Assume we have some final loss function L and by following the steps of backpropagation, have computed the derivative of this loss up to the output of our convolutional layer ($\frac{\partial L}{\partial O}$ or dout
in the code below). In order to update the parameters of our layer, we require the derivative of L with respect to the weights and biases of the convolutional layer ($\frac{\partial L}{\partial W}$ and $\frac{\partial L}{\partial b}$). We also require the derivative with respect to the inputs of the layer ($\frac{\partial L}{\partial X}$) in order to propagate the error back to the preceding layers. Unfortunately calculating these derivatives can be a little fiddly due to having to keep track of multiple indices. The calculus is very basic though!
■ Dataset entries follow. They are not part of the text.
lemma sums_weighted_tan_half:
  assumes "x \<in> {0..pi/2}"
  shows "(\<lambda>n. central_binom_ratio (Suc n) * ((pi/2 - x) * sin x ^ (2*n+1) * cos x))
    sums ((pi/2 - x) * tan (x/2))"
proof (cases "x = pi/2")
  case True
  show ?thesis unfolding True by simp
next
  case False
  with assms have "x \<in> {0..<pi/2}" by auto
  from sums_mult[OF sums_central_binom_ratio_sin_power[OF this], of "pi/2 - x"]
  show ?thesis by (simp add: mult_ac)
qed

lemma sums_integral_nonneg_series:
  fixes f :: "nat \<Rightarrow> 'a::euclidean_space \<Rightarrow> real"
  assumes int_f: "\<And>n. (f n has_integral I n) S"
    and nonneg: "\<And>n x. x \<in> S \<Longrightarrow> 0 \<le> f n x"
    and sums: "\<And>x. x \<in> S \<Longrightarrow> (\<lambda>n. f n x) sums g x"
    and int_g: "g integrable_on S"
  shows "I sums integral S g"
proof -
  define F where "F k x = (\<Sum>n<k. f n x)" for k x
  have int_F: "(F k has_integral (\<Sum>n<k. I n)) S" for k
    unfolding F_def[abs_def] by (intro has_integral_sum int_f) auto
  have F_le: "F k x \<le> g x" if "x \<in> S" for k x
    using sums[OF that] nonneg[OF that] unfolding F_def
    by (metis sums_summable sums_unique sum_le_suminf finite_lessThan)
  have "g integrable_on S \<and> (\<lambda>k. integral S (F k)) \<longlonglongrightarrow> integral S g"
  proof (rule monotone_convergence_increasing)
    show "F k integrable_on S" for k
      using int_F by blast
    show "F k x \<le> F (Suc k) x" if "x \<in> S" for k x
      using nonneg[OF that] by (simp add: F_def)
    show "(\<lambda>k. F k x) \<longlonglongrightarrow> g x" if "x \<in> S" for x
      using sums[OF that] by (simp add: F_def sums_def)
    have "integral S (F k) \<in> {0..integral S g}" for k
      using int_F[of k] int_g F_le nonneg
      by (auto intro!: integral_nonneg integral_le sum_nonneg simp: F_def)
    then show "bounded (range (\<lambda>k. integral S (F k)))"
      by (intro bounded_subset[OF compact_imp_bounded[OF compact_Icc[of 0 "integral S g"]]]) auto
  qed
  then show ?thesis
    using integral_unique[OF int_F] by (simp add: sums_def)
qed

lemma sums_central_binom_ratio_sq:
  "(\<lambda>n. central_binom_ratio (Suc n)^2 / (real n + 1)) sums (4 * ln 2 - 8 * catalan / pi)"
proof -
  have "(\<lambda>n. pi/4 * (central_binom_ratio (Suc n)^2 / (real n + 1)))
      sums integral {0..pi/2} (\<lambda>x. (pi/2 - x) * tan (x/2))"
  proof (rule sums_integral_nonneg_series[OF _ _ sums_weighted_tan_half])
    show "((\<lambda>x. central_binom_ratio (Suc n) * ((pi/2 - x) * sin x ^ (2*n+1) * cos x))
        has_integral pi/4 * (central_binom_ratio (Suc n)^2 / (real n + 1))) {0..pi/2}" for n
      using has_integral_mult_right[OF has_integral_weighted_sin_power_odd[of n],
          of "central_binom_ratio (Suc n)"]
      by (simp add: field_simps power2_eq_square)
    show "0 \<le> central_binom_ratio (Suc n) * ((pi/2 - x) * sin x ^ (2*n+1) * cos x)"
      if "x \<in> {0..pi/2}" for n x
      using that pi_gt_zero central_binom_ratio_pos[of "Suc n"]
      by (auto intro!: mult_nonneg_nonneg sin_ge_zero cos_ge_zero simp del: pi_gt_zero)
  qed (use has_integral_weighted_tan_half in blast)+
  moreover have "integral {0..pi/2} (\<lambda>x. (pi/2 - x) * tan (x/2)) = pi * ln 2 - 2 * catalan"
    by (rule integral_unique[OF has_integral_weighted_tan_half])
  moreover have "pi * ln 2 - 2 * catalan = pi/4 * (4 * ln 2 - 8 * catalan / pi)"
    by (simp add: field_simps)
  ultimately have "(\<lambda>n. pi/4 * (central_binom_ratio (Suc n)^2 / (real n + 1)))
      sums (pi/4 * (4 * ln 2 - 8 * catalan / pi))"
    by (simp only:)
  then show ?thesis
    by (subst (asm) sums_mult_iff) auto
qed

theorem mainTheorem7:
  shows "(\<lambda>n. (1/16)^n * (real (2*n choose n))^2 * harm2 n / (real n + 1))
           sums (32 * catalan / pi + 2 * pi / 3 - 16 * ln 2)"
proof -
  have summand: "(1/16)^n * (real (2*n choose n))^2 * harm2 n / (real n + 1)
      = central_binom_ratio n ^ 2 * harm2 n / (real n + 1)" for n
  proof -
    have "(16::real)^n = (4^n)^2" by (simp add: power2_eq_square flip: power_mult_distrib)
    then show ?thesis by (simp add: central_binom_ratio_def power_divide)
  qed
  have "(\<lambda>N. 4 * (real N * central_binom_ratio N ^ 2) * harm2 N
      - 4 * (\<Sum>n<N. central_binom_ratio (Suc n)^2 / (real n + 1)))
      \<longlonglongrightarrow> 4 * (1/pi) * (pi^2/6) - 4 * (4 * ln 2 - 8 * catalan / pi)"
    using sums_central_binom_ratio_sq unfolding sums_def
    by (intro tendsto_intros tendsto_real_mult_central_binom_ratio_sq harm2_tendsto)
  moreover have "4 * (1/pi) * (pi^2/6) - 4 * (4 * ln 2 - 8 * catalan / pi)
      = 32 * catalan / pi + 2 * pi / 3 - 16 * ln 2"
    by (simp add: field_simps power2_eq_square)
  ultimately have "(\<lambda>N. 4 * real N * central_binom_ratio N ^ 2 * harm2 N
      - 4 * (\<Sum>n<N. central_binom_ratio (Suc n)^2 / (real n + 1)))
      \<longlonglongrightarrow> 32 * catalan / pi + 2 * pi / 3 - 16 * ln 2"
    by (simp only: mult.assoc)
  then show ?thesis
    unfolding sums_def summand sum_central_binom_ratio_sq_harm2 .
qed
We start with the easiest one, $\frac{\partial L}{\partial b}$:
\begin{align} \frac{\partial L}{\partial b} &= \frac{\partial L}{\partial O} \frac{\partial O}{\partial b} && \vartriangleright \text{(Chain Rule)} \\ &= \frac{\partial L}{\partial O} \mathbf{1} && \vartriangleright (\frac{\partial O}{\partial b} = 1 \text{ from equation } (1)) \end{align}Now we tackle $\frac{\partial L}{\partial W}$:
\begin{align} \frac{\partial L}{\partial W} &= \frac{\partial L}{\partial O} \frac{\partial O}{\partial W} && \vartriangleright \text{(Chain Rule)} \end{align}Let's calculate this derivative with respect to a single point $W_{abcd}$ in our weight tensor ($O_w$ and $O_h$ are the output width and height respectively):
\begin{align} \frac{\partial L}{\partial W_{abcd}} &= \sum_{i=0}^{O_w-1} \sum_{j=0}^{O_h-1} \frac{\partial L}{\partial O_{ij}^d} \frac{\partial O_{ij}^d}{\partial W_{abcd}} \end{align}QUESTION: Why do we sum over the outputs here? HINT: Think about how many times a particular weight gets used.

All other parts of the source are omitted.